去京城進修的消息,像長了翅膀一樣迅速在廠里傳開了。
所有人都用一種羨慕嫉妒恨的復雜眼神看著沈微微。
那可是京城啊!
是華夏的心臟,是無數人擠破了腦袋都想去的地方。
更何況還是去參加國家級的進修班。
這簡直是一步登天,鯉魚躍龍門。
大家都在私下里議論,說沈微微這是祖墳上冒了青煙,走了大運了。
白月華聽到這個消息的時候,正在接受調查組的問詢。
她當場就把手里的搪瓷杯狠狠地摔在了地上。
憑什么?
憑什么好事都讓沈微微一個人占了?
她自己因為機床事故名聲掃地,前途未卜。
而那個女人卻能踩著她的失敗,風風光光地去京城?
白月華的心里充滿了不甘和怨毒。
她不相信沈微微有這個實力。
在她看來,沈微微能得到這個機會,一定是用了什么見不得人的手段。
說不定就是她和那個叫賀明辰的年輕專家私下里有什么不清不楚的關系。
對,一定是這樣!
白月華越想越覺得自己的猜測是正確的。
她一結束問詢,就立刻哭哭啼啼地跑去找了顧承安。
“承安哥,這不公平!”
白月華撲進顧承安的懷里,眼淚像斷了線的珠子一樣往下掉。
“那個進修的名額,本來應該是你的!你才是我們廠技術最好的人!”
“現在卻被沈微微給搶走了!她一定是走了后門!她和那個賀明辰,關系肯定不正常!”
白月華添油加醋地將自己的猜測說了出來。
顧承安聽著懷里女人的哭訴,臉色也變得越來越陰沉。
其實,他的心里又何嘗不是這么想的。
當他聽到沈微微要去京城進修的消息時,第一反應就是不信。
緊接著,就是一股難以遏制的憤怒和嫉妒。
在他看來,沈微微就算有點小聰明,也絕對達不到被國家級進修班選中的水平。
這背后一定有貓膩。
而那個長相英俊、對沈微微大獻殷勤的賀明辰,就成了他最大的懷疑對象。
一想到沈微微可能要和那個男人一起去京城,朝夕相處。
顧承安的心里就堵得難受。
他感覺自己有什么珍貴的東西正在被別人一點點奪走。
這種感覺讓他幾近發狂。
“你放心。
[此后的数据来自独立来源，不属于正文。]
(* For every agent $i\in[n]$, every price $p>0$, every ordering $\pi$ of $[n]$, and every $\beta>0$, \[ \mathbb{E}_{\mathbf v\sim\mathcal F}[u_i(\mathbf v,p,\pi)]\;\ge\;\beta\Big(\mathbb{E}_{\mathbf v\sim\mathcal F}[v_i(x_i(\mathbf v))]-p\,\mathbb{E}_{\mathbf v\sim\mathcal F}[x_i(\mathbf v)]\Big)\cdot\Big(1-e^{-1/\beta}-\int_0^{1-e^{-1/\beta}}\Pr_{\mathbf v\sim\mathcal F}\Big[\sum_{j\in B_\pi(i)}y^*_j(v_j,p)\ge t\Big]\,dt\Big), \] where $B_\pi(i)$ is the set of agents that act before $i$ in $\pi$.
   Context: There are $n$ agents, identified with $[n]=\{1,\dots,n\}$, and one perfectly divisible item of size $1$. Each agent $i$ has a valuation function $v_i:[0,1]\to\mathbb{R}_{\ge0}$ that is non-decreasing and concave; $v_i$ is drawn from a publicly known distribution $\mathcal F_i$ over such functions, independently across agents, and $\mathbf v=(v_1,\dots,v_n)\sim\mathcal F=\mathcal F_1\times\cdots\times\mathcal F_n$. All expectations below are assumed finite. Sequential posted pricing with linear pricing uses a price $p>0$ per unit and an ordering $\pi$ (a permutation of $[n]$): agents act one at a time in the order $\pi$; when agent $i$ acts she may buy any fraction of the still-unallocated part of the item, paying $p$ per unit, and her utility from buying a fraction $z$ is $v_i(z)-pz$. For each agent $i$ and price $p$, $y^*_i(v_i,p)\in[0,1]$ denotes a maximizer of $z\mapsto v_i(z)-pz$ over $[0,1]$ (a fixed measurable selection), i.e. the fraction she would buy if she were alone. For an agent $i$, let $B_\pi(i)$ be the set of agents acting before $i$ in $\pi$. The fraction agent $i$ actually buys is $y_i(\mathbf v,p,\pi)=\min\{y^*_i(v_i,p),\max\{0,1-\sum_{j\in B_\pi(i)}y^*_j(v_j,p)\}\}$ (by concavity this maximizes her utility over the available amount); hence $\sum_{j\in[n]}y_j(\mathbf v,p,\pi)=\min\{1,\sum_{j\in[n]}y^*_j(v_j,p)\}$. Her utility is $u_i(\mathbf v,p,\pi)=v_i(y_i(\mathbf v,p,\pi))-p\,y_i(\mathbf v,p,\pi)$. $x(\mathbf v)=(x_1(\mathbf v),\dots,x_n(\mathbf v))$ denotes a (measurably selected) welfare-maximizing allocation: $x_i(\mathbf v)\ge0$, $\sum_i x_i(\mathbf v)=1$, maximizing $\sum_i v_i(x_i)$. *)

theory Defs
  imports "HOL-Probability.Probability"
begin

text \<open>Agents are 0, ..., n-1. A valuation is a function real to real, meaningful on [0,1].\<close>

definition valuation :: "(real \<Rightarrow> real) \<Rightarrow> bool" where
  "valuation v \<longleftrightarrow> mono_on {0..1} v \<and> concave_on {0..1} v \<and> (\<forall>z\<in>{0..1}. 0 \<le> v z)"

text \<open>An ordering: pi permutes the agents, pi i is the position at which agent i acts.\<close>
definition before :: "nat \<Rightarrow> (nat \<Rightarrow> nat) \<Rightarrow> nat \<Rightarrow> nat set" where
  "before n \<pi> i = {j \<in> {..<n}. \<pi> j < \<pi> i}"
”
顧承安拍了拍白月華的后背,聲音冰冷。
“我不會讓她得逞的。”
當天下午,顧承安就以工作為由,將沈微微叫到了自己的辦公室。
這是他們離婚后第一次在私下里單獨相處。
辦公室的門關著,隔絕了外面所有的聲音。
氣氛有些壓抑,也有些尷尬。
顧承安坐在寬大的辦公桌后面,十指交叉,用一種審視的目光打量著沈微微。
他的眼神冷漠而疏離,像在看一個與他毫不相干的陌生人。
他的眼神冷漠而疏離,像在看一個與他毫不相干的陌生人。
沈微微平靜地站在他對面,神情淡然。
她不明白顧承安找她到底想干什么。
兩人沉默了許久。
最終,還是顧承安先開了口。
“坐吧。”
沈微微沒有動。
“顧科長,有什么事請你直說。我下午還有很多工作。”
她連一個多余的眼神都懶得給他。
沈微微這副油鹽不進的態度讓顧承安的眉頭皺得更緊了。
他不喜歡這種感覺。
這種完全無法掌控她的感覺。
顧承安壓下心里的不快,換上了一副貌似公允的口吻。
“我今天找你來,是想跟你談談關于白月華同志的事情。”
沈微微的眉毛挑了一下。
“哦?”
“我知道你對她可能有些誤會。”
顧承安的聲音聽起來像是在調解,但字里行間卻充滿了對白月華的維護。
“機床的事情她確實有責任。但是,她也是出于一片好心,想為廠里分憂,只是經驗不足,好心辦了壞事。”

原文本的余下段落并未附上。